Value is shared with customers rather than extracted from them
Following on from my ‘Will We See Hourly Rate Load Pricing In The Legal Industry?‘ post of last week, during the course of this week I had the chance to read a January 2019 Whitepaper by Jean-Manuel Izaret and Just Schurmann ‘Why Progressive Pricing Is Becoming a Competitive Necessity‘ published by Boston Consulting Group and the Henderson Institute.
For those who have not read it, Izaret and Schurmann’s Whitepaper provides some really thought-provoking insights, including:
- Progressive pricing scales prices up or down on the basis of the value an individual customer derives.
- the levels of pricing under progressive pricing are value-based, not means-based
- Progressive pricing seems to violate the rules of traditional economics, which assume that customers buying the same product or service will pay the same price.
- Progress pricing enables providers to offer each customer a fair, personalized product and price point.
In essence, progressive pricing enables service providers, such as law firms, to calibrate the value they provide at an individual customer level.

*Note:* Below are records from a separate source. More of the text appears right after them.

(* Let $X$, $Y_k$ ($k\in\mathbb N$) and norms $\|\cdot\|_{X\oplus Y_k}$ be as in the generalized $\ell^2$-sum setting. Let $X_1,X_2$ be subspaces of $X$ with $X=X_1\oplus X_2$, and let $c>0$. If for every $k\in\mathbb N$ $$\|x_1+x_2+y_k\|_{X\oplus Y_k}\ge\|x_1\|_X+c\|x_2+y_k\|_{X\oplus Y_k},\qquad x_1\in X_1,\ x_2\in X_2,\ y_k\in Y_k,$$ then $$\Big\|x_1+x_2+\sum_ky_k\Big\|_\Sigma\ge\|x_1\|_X+c\Big\|x_2+\sum_ky_k\Big\|_\Sigma$$ for every $x_1+x_2+\sum_ky_k\in\Sigma(X\oplus Y_k)$ with $x_1\in X_1$, $x_2\in X_2$, $y_k\in Y_k$.
   Context: Setting: $(X,\|\cdot\|_X)$ and $(Y_k,\|\cdot\|_{Y_k})$, $k\in\mathbb N$, are Banach spaces; for each $k$, $\|\cdot\|_{X\oplus Y_k}$ is a norm on $X\oplus Y_k$ coinciding with $\|\cdot\|_X$ on $X$ and with $\|\cdot\|_{Y_k}$ on $Y_k$, and monotone: $\|x+y_k\|_{X\oplus Y_k}\ge\|x\|_X$. Duals of direct sums are identified with direct sums of duals via $(x^*+y^* )(x+y)=x^*(x)+y^*(y)$. $\Lambda(X\oplus Y_k)$ is the set of functionals $x^*+\sum_k\alpha_ky_k^*$ with $x^*\in X^*$, $y_k^*\in Y_k^*$, $\|x^*+y_k^*\|_{X\oplus Y_k}\le1$ for all $k$, $0\le\alpha_k\le1$, $\sum\alpha_k^2\le1$. $\Sigma(X\oplus Y_k)=\{x+y_1+y_2+\dots:x\in X,y_k\in Y_k,\sum\|y_k\|_{Y_k}^2<\infty\}$ with $\|z\|_\Sigma=\sup\{|z^*(z)|:z^*\in\Lambda(X\oplus Y_k)\}$. *)

theory Defs
  imports "HOL-Analysis.Analysis"
begin

text \<open>The spaces Y_k are modelled as
  linear subspaces Y k of an ambient real vector space 'y. For each k,
  N k x v is the norm of x + v in X (+) Y_k (for x in X and v in Y k).
  The norm of Y_k is N k 0.\<close>

definition is_sum_norm :: "('x::real_normed_vector \<Rightarrow> 'y::real_vector \<Rightarrow> real) \<Rightarrow> 'y set \<Rightarrow> bool" where
  "is_sum_norm M Yk \<longleftrightarrow>
     (\<forall>x. \<forall>v\<in>Yk. 0 \<le> M x v \<and> (M x v = 0 \<longleftrightarrow> x = 0 \<and> v = 0)) \<and>
     (\<forall>c x. \<forall>v\<in>Yk. M (c *\<^sub>R x) (c *\<^sub>R v) = \<bar>c\<bar> * M x v) \<and>
     (\<forall>x x'. \<forall>v\<in>Yk. \<forall>v'\<in>Yk. M (x + x') (v + v') \<le> M x v + M x' v')"

definition complete_wrt :: "('y::real_vector \<Rightarrow> real) \<Rightarrow> 'y set \<Rightarrow> bool" where
  "complete_wrt n Yk \<longleftrightarrow>
     (\<forall>s. (\<forall>i. s i \<in> Yk) \<longrightarrow> (\<forall>e>0. \<exists>M. \<forall>i\<ge>M. \<forall>j\<ge>M. n (s i - s j) < e) \<longrightarrow>
          (\<exists>l\<in>Yk. (\<lambda>i. n (s i - l)) \<longlonglongrightarrow> 0))"

definition gen_l2_setting ::
  "(nat \<Rightarrow> 'x::banach \<Rightarrow> 'y::real_vector \<Rightarrow> real) \<Rightarrow> (nat \<Rightarrow> 'y set) \<Rightarrow> bool" where
  "gen_l2_setting N Y \<longleftrightarrow>
     (\<forall>k. subspace (Y k) \<and> is_sum_norm (N k) (Y k) \<and> complete_wrt (N k 0) (Y k) \<and>
          (\<forall>x. N k x 0 = norm x) \<and>
          (\<forall>x. \<forall>v\<in>Y k. N k x v \<ge> norm x))"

But, importantly to Izaret and Schurmann (see #4 of their ‘four most important differences between progressive and traditional pricing approaches‘):
Progressive pricing is a fairer way to determine prices, because customers pay a price proportional to the value they receive, rather than paying the same fixed price others pay.
For any supporters of value-based pricing, the above quote is pure gold.
But, the caveat in next line of Izaret and Schurmann’s piece is probably more crucial:
But the firm must make the case for this perceived fairness
QED, it is the duty of the firm to communicate the value the customer is getting, not the customer!
As a growing advocate of value-based pricing in professional services, one of the greatest take-outs for me was this line:
Making progressive pricing a profitable day-to-day reality can happen only if firms change how they create, define, and measure value so that they can share it fairly.
All I can say to that is “amen” – because it isn’t going to come out of utilisation and realisation rates, no matter how hard you look!
It is such a great piece I’m going to leave you with the following three quotes from this paper:
- Companies must first step back and re-imagine the concept of value in their market. How can a business combine its own capabilities with the close personal knowledge of its customers to create something that fundamentally changes a customer’s life?
- Can you define value, measure it, and get everyone to agree on what value is?
- Most firms are accustomed to expressing prices in units of product or some other basic metric such as hours. If they can instead calibrate prices in terms of unit of value, then the price per unit of value can remain constant and the amount a customer pays can scale in proportion to the value demanded. That is the essence of fairness.
Great read. If it is not on your list – add it* (*then get back to me and let me know if you agree)!